|Scientific Name||Apera spica-venti|
|Common Names||English: Loose silky-bent; German: Gemeiner Windhalm; French: Jouet du vent|
|Description||A. spica-venti is an annual panicle grass, strongly tillering and often clustered growing. It occurs as an overwintering grass weed in Europe.|
The long-awned spikelets and ligules finely incised with regularity of depth are characteritic for loose silky-bent.
In the youth stage it is an erect grass with either solitary or multiple stems, the youngest leaf is rolled.
Stems are green or purple, smooth and erect, reaching up to 100 - 125 cm (39.37 - 47.24 inch).

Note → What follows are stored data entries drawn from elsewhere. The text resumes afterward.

lemma card_grid_class:
  assumes "finite Phi"
  shows "card (grid_class N n Phi :: ('x \<Rightarrow> 'a::finite \<Rightarrow> 'x \<Rightarrow> real) set)
    \<le> card Phi ^ 2 * (n + 1) ^ (N * CARD('a) * N)"
proof -
  let ?cells = "{..<N} \<times> (UNIV :: 'a set) \<times> {..<N}"
  let ?values = "(\<lambda>k. real k / real n) ` {..n}"
  have "card (grid_class N n Phi :: ('x \<Rightarrow> 'a \<Rightarrow> 'x \<Rightarrow> real) set)
      \<le> card ((?cells \<rightarrow>\<^sub>E ?values) \<times> Phi \<times> Phi)"
    unfolding grid_class_def using assms by (intro card_image_le) (simp add: finite_PiE)
  also have "\<dots> = card ?values ^ (N * CARD('a) * N) * card Phi ^ 2"
    by (simp add: card_cartesian_product card_PiE power2_eq_square mult.assoc)
  also have "\<dots> \<le> (n + 1) ^ (N * CARD('a) * N) * card Phi ^ 2"
    using card_image_le[of "{..n}" "\<lambda>k. real k / real n"] by (simp add: power_mono)
  finally show ?thesis by (simp add: mult.commute)
qed

lemma F_set_range:
  assumes Phi: "\<forall>phi\<in>Phi. \<forall>x. phi x < N" and "f \<in> F_set N Phi"
  shows "0 \<le> f x a x' \<and> f x a x' \<le> 1"
proof -
  obtain w phiF phiB where "w \<in> W_set N" "phiF \<in> Phi" "phiB \<in> Phi"
    and "f = (\<lambda>x a x'. w (phiF x) a (phiB x'))"
    using assms(2) by (auto simp: F_set_def)
  then show ?thesis
    using Phi by (simp add: W_set_def)
qed

lemma grid_class_range:
  assumes Phi: "\<forall>phi\<in>Phi. \<forall>x. phi x < N" and "f \<in> grid_class N n Phi"
  shows "0 \<le> f x a x' \<and> f x a x' \<le> 1"
proof -
  obtain W phiF phiB where W: "W \<in> ({..<N} \<times> UNIV \<times> {..<N}) \<rightarrow>\<^sub>E (\<lambda>k. real k / real n) ` {..n}"
    and "phiF \<in> Phi" "phiB \<in> Phi" and f: "f = (\<lambda>x a x'. W (phiF x, a, phiB x'))"
    using assms(2) by (auto simp: grid_class_def)
  then have "W (phiF x, a, phiB x') \<in> (\<lambda>k. real k / real n) ` {..n}"
    using Phi by (intro PiE_mem[OF W]) auto
  then obtain k where "k \<le> n" "f x a x' = real k / real n"
    by (auto simp: f)
  then show ?thesis
    by (cases "n = 0") (simp_all add: divide_le_eq_1)
qed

The leaf blade is hairless, rough and narrow pointed. The ligule is 3 to 10 mm (0.12 - 0.39 inch) long, rounded and ragged without auricles. The leaf sheath is smooth, but rough near the apex.
The panicle is up to 30 cm (11.81 inch) long and opens during the flowering period, but contracts later on, with many small ears. Single florets with short awns (3 to 8 mm; 0.12 - 0.32 inch) or none at all.
The fruit is an ellipsoid caryopsis with adherent pericarp, the endosperm is liquid.
The main germination period is in autumn.
Viability Of Seeds
Short living seeds (1-3 years).
By seeds (3,000 - 5,000 seeds/plant).
Arable fields, including set-aside land, also on waste ground, tracks and roadsides.
Sandy loams and sands, slightly acidic soils.
Additional Crop Information
Other winter cereals, grass seed production.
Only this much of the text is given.